Unfortunately now out-of-print as Second Layer seems to have ceased activities, we did dislodge a handful of copies of this 2009 release from Ramleh that came about just as the group was in a state of re-organization after nearly a decade since thweir last album. Instead of picking up where they left off with the monstrous psychedelic noise-rock / tectonic drone-rock that these guys were flattening everybody with in the 90s, Valedictions regressed all the way back to their early 80s activities, emitting a destructive stream of longform power electronics and extreme noise across this six-part saga.
Valediction is presented in six parts, each one a variation of Mundy and Di Franco's colossal maelstrom generated from synthesizers, electronic effects, and distorted vocals, with bass and guitar appearing infrequently. The vast majority of this is a thunderous blast of psychedelic power electronics, raging multi-tracked vocals that shout and mumble and roar amidst a cacophony of beyond-blown-out distortion, rumbling bass frequencies, searing high-end synth chaos, and what sounds like utterly berserk guitar shredding (but which is primarily created using synth). It's fuckin' extreme, from the trippy cosmic storm and wall-noise power of "I" and the mangled, effects-splattered intensity of "II" to the subsequent skull-blowing blasts of lysergic electronics, violent sweeping frequency shifts, gargantuan distorted drones, torturous amplifier feedback modulations, and commanding shouted voices that dominate the middle of the disc. It feels like a particularly violent throwback from the two artists, updating their earlier sonic assault with a thicker production and inpenetrably grim atmopshere. But then deeper into it you begin to get bulldozed by Di Franco's monstrously distorted ur-riff on the bass, simple lu8mbering two-note dirge crawling beneath the avalanche waves of skree and rumble and hiss and howl, like the titanic gonked-out psychsludge mass of "III", goddamn crushing shit as it builds in size and intensity..."drone-metal" levels of heaviness here and elsewhere on the disc, massive metallic crush buffeteed by plumes of nauseating high-end feedback and manipulated sinewaves and histrionic proclamations from Mundy.

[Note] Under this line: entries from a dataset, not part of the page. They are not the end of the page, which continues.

lemma moment_pairing_diff_smult:
  "moment_pairing c (f - smult b g) k = moment_pairing c f k - b * moment_pairing c g k"
proof -
  let ?M = "max (degree f) (degree g)"
  have "degree (f - smult b g) \<le> ?M"
    by (metis degree_diff_le degree_smult_le max.cobounded1 max.cobounded2 order.trans)
  then have "moment_pairing c (f - smult b g) k = (\<Sum>j\<le>?M. coeff (f - smult b g) j * c (int j - k))"
    by (rule moment_pairing_atMost)
  also have "\<dots> = (\<Sum>j\<le>?M. coeff f j * c (int j - k)) - b * (\<Sum>j\<le>?M. coeff g j * c (int j - k))"
    by (simp add: algebra_simps sum_subtractf sum_distrib_left)
  also have "\<dots> = moment_pairing c f k - b * moment_pairing c g k"
    by (simp add: moment_pairing_atMost[of f ?M] moment_pairing_atMost[of g ?M])
  finally show ?thesis .
qed

lemma moment_pairing_pCons_0: "moment_pairing c (pCons 0 f) k = moment_pairing c f (k - 1)"
proof (cases "f = 0")
  case True
  then show ?thesis by (simp add: moment_pairing_def)
next
  case False
  then have "moment_pairing c (pCons 0 f) k = (\<Sum>j\<le>Suc (degree f). coeff (pCons 0 f) j * c (int j - k))"
    by (simp add: moment_pairing_def)
  also have "\<dots> = (\<Sum>j\<le>degree f. coeff f j * c (int j - (k - 1)))"
    by (subst sum.atMost_Suc_shift) (simp add: algebra_simps)
  finally show ?thesis by (simp add: moment_pairing_def)
qed

lemma moment_pairing_Phi_Suc:
  "moment_pairing c (Phi a (Suc n)) k =
     moment_pairing c (Phi a n) (k - 1) - cnj (a n) * moment_pairing c (poly_star (Phi a n)) k"
  by (simp add: Phi.simps(2) moment_pairing_diff_smult moment_pairing_pCons_0)

lemma moment_pairing_Phi:
  "moment_pairing c (Phi a n) k = c (int n - k) + (\<Sum>j<n. coeff (Phi a n) j * c (int j - k))"
  by (simp add: moment_pairing_def lessThan_Suc_atMost[symmetric] del: lessThan_Suc_atMost)

definition hermitian :: "(int \<Rightarrow> complex) \<Rightarrow> bool" where
  "hermitian c \<longleftrightarrow> (\<forall>k. c (- k) = cnj (c k))"

lemma moment_pairing_poly_star:
  assumes "hermitian c"
  shows "moment_pairing c (poly_star f) k = cnj (moment_pairing c f (int (degree f) - k))"
proof -
  let ?d = "degree f"
  have "moment_pairing c (poly_star f) k = (\<Sum>i\<le>?d. cnj (coeff f (?d - i)) * c (int i - k))"
    by (simp add: moment_pairing_atMost[OF degree_poly_star_le] coeff_poly_star)
  also have "\<dots> = (\<Sum>j\<le>?d. cnj (coeff f j) * c (int ?d - int j - k))"
    by (rule sum.reindex_bij_witness[of _ "\<lambda>j. ?d - j" "\<lambda>i. ?d - i"]) (auto simp: of_nat_diff)
  also have "\<dots> = (\<Sum>j\<le>?d. cnj (coeff f j * c (int j - (int ?d - k))))"
    using assms unfolding hermitian_def
    by (intro sum.cong refl) (metis minus_diff_eq complex_cnj_mult diff_diff_eq2 diff_diff_eq)
  finally show ?thesis
    by (simp add: moment_pairing_def)
qed

lemma ipL_eq_moment_pairing: "ipL c f g = (\<Sum>k\<le>degree g. cnj (coeff g k) * moment_pairing c f (int k))"
  unfolding ipL_def moment_pairing_def
  by (subst sum.swap) (simp add: sum_distrib_left algebra_simps)

lemma ipL_monom_1: "ipL c f (monom 1 n) = moment_pairing c f (int n)"
  by (simp add: ipL_eq_moment_pairing degree_monom_eq coeff_monom
      lessThan_Suc_atMost[symmetric] del: lessThan_Suc_atMost)

lemma ipL_hermitian:
  assumes "hermitian c"
  shows "ipL c f g = cnj (ipL c g f)"
proof -
  have "cnj (ipL c g f) = (\<Sum>j\<le>degree g. \<Sum>k\<le>degree f. cnj (coeff g j) * coeff f k * c (int k - int j))"
    unfolding ipL_def cnj_sum
  proof (intro sum.cong refl)
    fix j k
    have "cnj (c (int j - int k)) = c (int k - int j)"
      using assms unfolding hermitian_def by (metis minus_diff_eq)
    then show "cnj (coeff g j * cnj (coeff f k) * c (int j - int k)) = cnj (coeff g j) * coeff f k * c (int k - int j)"
      by simp
  qed
  also have "\<dots> = ipL c f g"
    unfolding ipL_def by (subst sum.swap) (simp add: algebra_simps)
  finally show ?thesis by simp
qed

The final track hints at the band's history with heavy-as-hell psych/noise rock, and "VI" stands out as a weird nod towards that period, dropping a grinding two-chord riff and roughly sung (and largely understandeable) vocals into the cyclonic noise , a bludgeoning Stooges-esque hook swamped in shortwave detritus and corrosive distortion and cosmic radiation; after listening to Valediction a few times, I've really fallen in love with this as the closing song, it's warped and memorable, an almost sing-along lyrical hook surfacing for a bit before things go completely nuclear.
It's set up to roll out as a single album-length piece even while tracks dissolve in and out, with a continuous bleak vibe that stretches from begining to end, a pervasive post-apocalyptic dread emitting from all corners, easily overwhelming you with the density of all of their noise blasting skyward
not without a semblance of structure
It's definitely a distinct different beast than their next album Circular Time, where the band would unfold into their hypnotic psych-rock obliteration mode once again, the other side of the coin that is Ramleh, but possessing a dark blotter-chewing immensity and deafening power that sticks out from the rest of their "power electronics" era.